lemma r0_less_1:
  assumes "0 < a1" "a1 < a2" "1 < t"
  shows "r0 t a1 a2 < 1"
proof -
  let ?u = "\<lambda>n. 1 - inverse (real (Suc n))"
  have "(\<lambda>n. (mu t a1 a2 1 - mu t a1 a2 (?u n)) / (1 - ?u n)) \<longlonglongrightarrow> mu_deriv t a1 a2 1"
  proof (rule difference_quotient_tendsto[where a = 0 and b = 1 and s = 1 and v = "\<lambda>n. 1"
        and g = "mu t a1 a2" and G = "mu_deriv t a1 a2"])
    show "continuous (at 1 within {0..1}) (mu_deriv t a1 a2)"
      using continuous_on_mu_deriv assms by (simp add: continuous_on_eq_continuous_within)
    show "(\<lambda>n. 1 - ?u n) \<longlonglongrightarrow> 0"
      using LIMSEQ_inverse_real_of_nat by simp
  qed (use assms in \<open>auto intro: continuous_on_mu has_real_derivative_mu simp: field_simps\<close>)
  moreover have "0 < mu_deriv t a1 a2 1"
    using assms by (simp add: mu_deriv_1)
  ultimately have "\<forall>\<^sub>F n in sequentially. 0 < (mu t a1 a2 1 - mu t a1 a2 (?u n)) / (1 - ?u n)"
    by (rule order_tendstoD(1))
  then obtain n where "0 < (mu t a1 a2 1 - mu t a1 a2 (?u n)) / (1 - ?u n)"
    using eventually_sequentially by auto
  then have "mu t a1 a2 (?u n) < 1 / real a2"
    using assms by (simp add: mu_1 zero_less_divide_iff)
  moreover have "0 \<le> ?u n" "?u n < 1"
    by (simp_all add: inverse_le_1_iff)
  ultimately show ?thesis
    using mu_gt_before_r0[of a1 a2 t "?u n"] assms by (meson not_less less_le_trans less_asym)
qed

lemma mu_le_before_r0:
  assumes "0 < a1" "a1 < a2" "1 < t" and "0 \<le> u" "u < r0 t a1 a2" "u \<le> r" "r \<le> 1"
  shows "mu t a1 a2 r \<le> mu t a1 a2 u"
  using mu_le_max[of a1 a2 t u r 1] mu_gt_before_r0[of a1 a2 t u] assms by (simp add: mu_1)

lemma Pt_eq_mu_deriv:
  assumes "0 < a1" "a1 < a2" "1 < t"
  shows "Pt t a1 a2 = mu_deriv t a1 a2 (r0 t a1 a2)"
  unfolding Pt_def using assms r0_pos[of a1 a2 t] r0_less_1[of a1 a2 t]
  by (intro DERIV_imp_deriv has_real_derivative_mu) auto

section \<open>Length gaps of the elements a1 a2 N\<close>

lemma factorizations_multiple:
  assumes "coprime a1 a2" "0 < a1" "0 < a2"
  shows "factorizations a1 a2 (a1 * a2 * N) = (\<lambda>i. (a2 * (N - i), a1 * i)) ` {..N}"
proof (intro equalityI subsetI)
  fix f assume "f \<in> factorizations a1 a2 (a1 * a2 * N)"
  then obtain m n where f: "f = (m, n)" and mn: "m * a1 + n * a2 = a1 * a2 * N"
    by (auto simp: factorizations_def)
  then have "a1 dvd n * a2"
    by (metis dvd_add_right_iff dvd_triv_left dvd_triv_right mult.assoc)
  then obtain i where i: "n = a1 * i"
    using assms(1) by (auto simp: coprime_dvd_mult_left_iff)
  with mn have "a1 * (m + a2 * i) = a1 * (a2 * N)"
    by (simp add: algebra_simps)
  then have "m + a2 * i = a2 * N"
    using assms by simp
  moreover from this have "a2 * i \<le> a2 * N"
    by linarith
  ultimately have "i \<le> N" "m = a2 * (N - i)"
    using assms by (auto simp: diff_mult_distrib2)
  then show "f \<in> (\<lambda>i. (a2 * (N - i), a1 * i)) ` {..N}"
    using f i by auto
next
  fix f assume "f \<in> (\<lambda>i. (a2 * (N - i), a1 * i)) ` {..N}"
  then show "f \<in> factorizations a1 a2 (a1 * a2 * N)"
    by (auto simp: factorizations_def algebra_simps diff_mult_distrib2 diff_mult_distrib)
qed

lemma tlengths_multiple:
  assumes "coprime a1 a2" "0 < a1" "0 < a2" "0 < t" "0 < N"
  shows "tlengths t a1 a2 (a1 * a2 * N) =
    (\<lambda>i. real a1 * real a2 * real N * mu t a1 a2 (real i / real N)) ` {..N}"
proof -
  let ?k = "real a1 * real a2 * real N"
  have "tnorm t (real (a2 * (N - i)), real (a1 * i)) = ?k * mu t a1 a2 (real i / real N)"
    if "i \<le> N" for i
  proof -
    have "real (a2 * (N - i)) = ?k * ((1 - real i / real N) / real a1)"
      "real (a1 * i) = ?k * ((real i / real N) / real a2)"
      using assms that by (simp_all add: of_nat_diff field_simps)
    then have "tnorm t (real (a2 * (N - i)), real (a1 * i)) =
        tnorm t (?k * ((1 - real i / real N) / real a1), ?k * ((real i / real N) / real a2))"
      by (simp only:)
    also have "\<dots> = ?k * mu t a1 a2 (real i / real N)"
      unfolding mu_def using assms by (intro tnorm_scale) auto
    finally show ?thesis .
  qed
  then show ?thesis
    unfolding tlengths_def factorizations_multiple[OF assms(1-3)] image_image
    by (intro image_cong) auto
qed

lemma grid_gap_in_tdelta_S:
  assumes "coprime a1 a2" "0 < a1" "a1 < a2" "1 < t" and j: "j < N"
    and before_r0: "real (Suc j) / real N < r0 t a1 a2"
    and drop: "mu t a1 a2 (real (Suc j) / real N) < mu t a1 a2 (real j / real N)"
  shows "real a1 * real a2 * real N * (mu t a1 a2 (real j / real N) - mu t a1 a2 (real (Suc j) / real N))
    \<in> tdelta_S t a1 a2"
proof -
  define f where "f i = real a1 * real a2 * real N * mu t a1 a2 (real i / real N)" for i
  have L: "tlengths t a1 a2 (a1 * a2 * N) = f ` {..N}"
    unfolding f_def using assms by (intro tlengths_multiple) auto
  have k: "0 < real a1 * real a2 * real N"
    using assms by simp
  have early: "real i / real N < r0 t a1 a2" if "i \<le> Suc j" for i
    using before_r0 divide_right_mono[of "real i" "real (Suc j)" "real N"] that by simp
  have "mu t a1 a2 (real j / real N) \<le> mu t a1 a2 (real i / real N)" if "i \<le> j" for i
    using assms that early[of i] by (intro mu_le_before_r0) (auto simp: divide_right_mono)
  moreover have "mu t a1 a2 (real i / real N) \<le> mu t a1 a2 (real (Suc j) / real N)"
    if "Suc j \<le> i" "i \<le> N" for i
    using assms that by (intro mu_le_before_r0) (auto simp: divide_right_mono)
  ultimately have gap: "f i \<le> f (Suc j) \<or> f j \<le> f i" if "i \<le> N" for i
    unfolding f_def using k that by (cases "i \<le> j") (auto intro: mult_left_mono)
  have "f j - f (Suc j) \<in> consec_diffs (f ` {..N})"
    unfolding consec_diffs_def using drop k j gap
    by (fastforce simp: f_def intro!: mult_strict_left_mono)
  moreover have "a1 * a2 * N \<in> numsg a1 a2"
    unfolding numsg_def by (intro CollectI exI[of _ "a2 * N"] exI[of _ 0]) (simp add: algebra_simps)
  ultimately show ?thesis
    unfolding tdelta_S_def tdelta_def L[symmetric] f_def right_diff_distrib by blast
qed

lemma neg_mu_deriv_in_closure_tdelta_S:
  assumes "coprime a1 a2" "0 < a1" "a1 < a2" "1 < t"
    and s: "0 < s" "s < r0 t a1 a2" and neg: "mu_deriv t a1 a2 s < 0"
  shows "- (real a1 * real a2 * mu_deriv t a1 a2 s) \<in> closure (tdelta_S t a1 a2)"
proof -
  let ?c = "real a1 * real a2"
  have "s < 1"
    using s r0_less_1[of a1 a2 t] assms by simp
  define j where "j n = nat \<lfloor>s * real (Suc n)\<rfloor>" for n
  define u where "u n = real (j n) / real (Suc n)" for n
  define v where "v n = real (Suc (j n)) / real (Suc n)" for n
  define Q where "Q n = (mu t a1 a2 (v n) - mu t a1 a2 (u n)) / (v n - u n)" for n
  have j: "real (j n) \<le> s * real (Suc n)" "s * real (Suc n) < real (Suc (j n))" for n
    using s real_of_int_floor_add_one_gt[of "s * real (Suc n)"] unfolding j_def
    by (simp_all add: of_nat_nat del: real_of_int_floor_add_one_gt)
  then have u_le: "u n \<le> s" and v_gt: "s < v n" for n
    unfolding u_def v_def by (simp_all add: divide_le_eq less_divide_eq mult.commute)
  have width: "v n - u n = inverse (real (Suc n))" for n
    unfolding u_def v_def by (simp add: field_simps)
  have jN: "j n < Suc n" for n
  proof -
    have "s * real (Suc n) < real (Suc n)"
      using \<open>s < 1\<close> by simp
    with j(1)[of n] show ?thesis
      by (simp only: of_nat_less_iff[symmetric])
  qed
  have v_le: "v n \<le> 1" for n
    using jN[of n] unfolding v_def by simp
  have "Q \<longlonglongrightarrow> mu_deriv t a1 a2 s"
    unfolding Q_def
  proof (rule difference_quotient_tendsto[where a = 0 and b = 1 and g = "mu t a1 a2" and G = "mu_deriv t a1 a2"])
    show "continuous (at s within {0..1}) (mu_deriv t a1 a2)"
      using continuous_on_mu_deriv assms \<open>s < 1\<close> s by (simp add: continuous_on_eq_continuous_within)
    show "(\<lambda>n. v n - u n) \<longlonglongrightarrow> 0"
      unfolding width by (rule LIMSEQ_inverse_real_of_nat)
  qed (use assms u_le v_gt v_le in
      \<open>auto intro: continuous_on_mu has_real_derivative_mu less_imp_le order.strict_trans1 simp: u_def\<close>)
  then have "(\<lambda>n. - (?c * Q n)) \<longlonglongrightarrow> - (?c * mu_deriv t a1 a2 s)"
    by (intro tendsto_intros)
  moreover have "\<forall>\<^sub>F n in sequentially. - (?c * Q n) \<in> tdelta_S t a1 a2"
  proof -
    have "\<forall>\<^sub>F n in sequentially. inverse (real (Suc n)) < r0 t a1 a2 - s"
      using s by (intro order_tendstoD(2)[OF LIMSEQ_inverse_real_of_nat]) simp
    moreover have "\<forall>\<^sub>F n in sequentially. Q n < 0"
      using \<open>Q \<longlonglongrightarrow> _\<close> neg by (rule order_tendstoD(2))
    ultimately show ?thesis
    proof eventually_elim
      case (elim n)
      then have "v n < r0 t a1 a2" "mu t a1 a2 (v n) < mu t a1 a2 (u n)"
        using u_le[of n] width[of n] by (auto simp: Q_def divide_less_0_iff)
      then have "?c * real (Suc n) * (mu t a1 a2 (u n) - mu t a1 a2 (v n)) \<in> tdelta_S t a1 a2"
        unfolding u_def v_def using assms jN[of n] by (intro grid_gap_in_tdelta_S) auto
      moreover have "?c * real (Suc n) * (mu t a1 a2 (u n) - mu t a1 a2 (v n)) = - (?c * Q n)"
        unfolding Q_def width by (simp add: field_simps)
      ultimately show ?case
        by simp
    qed
  qed
  ultimately show ?thesis
    by (intro Lim_in_closed_set[OF closed_closure]) (auto intro: eventually_mono closure_subset[THEN subsetD])
qed

theorem proposition2:
  fixes a1 a2 :: nat and t :: real
  assumes "1 < a1" and "a1 < a2" and "coprime a1 a2" and "1 < t"
  shows "{\<bar>real a1 * real a2 * Pt t a1 a2\<bar> .. real a2} \<subseteq> closure (tdelta_S t a1 a2)"
proof -
  define F where "F s = - (real a1 * real a2 * mu_deriv t a1 a2 s)" for s
  have pos: "0 < a1" "0 < t"
    using assms by simp_all
  have "{\<bar>F (r0 t a1 a2)\<bar>..F 0} \<subseteq> closure (tdelta_S t a1 a2)"
  proof (rule Icc_subset_closed_if_positive_values[where F = F and a = 0 and b = "r0 t a1 a2"])
    show "continuous_on {0..r0 t a1 a2} F"
      unfolding F_def using assms pos r0_less_1[of a1 a2 t]
      by (intro continuous_intros continuous_on_subset[OF continuous_on_mu_deriv]) auto
    show "0 < r0 t a1 a2"
      using assms pos by (intro r0_pos) auto
    show "0 < F 0"
      unfolding F_def using assms by (simp add: mu_deriv_0)
    show "F s \<in> closure (tdelta_S t a1 a2)" if "0 < s" "s < r0 t a1 a2" "0 < F s" for s
      unfolding F_def using assms pos that[unfolded F_def]
      by (intro neg_mu_deriv_in_closure_tdelta_S) (auto simp: mult_less_0_iff)
  qed simp
  moreover have "F 0 = real a2" "F (r0 t a1 a2) = - (real a1 * real a2 * Pt t a1 a2)"
    unfolding F_def using assms by (simp_all add: mu_deriv_0 Pt_eq_mu_deriv)
  ultimately show ?thesis
    by simp
qed

end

○ ○ ○

**The problem:** Taking the lines above, repeat exactly those from the line that contains "qed (use assms u_le v_gt v_le in" through the line that contains "case (elim n)", and both of those lines as well. Include nothing else.

**Exercise answer:**
  qed (use assms u_le v_gt v_le in
      \<open>auto intro: continuous_on_mu has_real_derivative_mu less_imp_le order.strict_trans1 simp: u_def\<close>)
  then have "(\<lambda>n. - (?c * Q n)) \<longlonglongrightarrow> - (?c * mu_deriv t a1 a2 s)"
    by (intro tendsto_intros)
  moreover have "\<forall>\<^sub>F n in sequentially. - (?c * Q n) \<in> tdelta_S t a1 a2"
  proof -
    have "\<forall>\<^sub>F n in sequentially. inverse (real (Suc n)) < r0 t a1 a2 - s"
      using s by (intro order_tendstoD(2)[OF LIMSEQ_inverse_real_of_nat]) simp
    moreover have "\<forall>\<^sub>F n in sequentially. Q n < 0"
      using \<open>Q \<longlonglongrightarrow> _\<close> neg by (rule order_tendstoD(2))
    ultimately show ?thesis
    proof eventually_elim
      case (elim n)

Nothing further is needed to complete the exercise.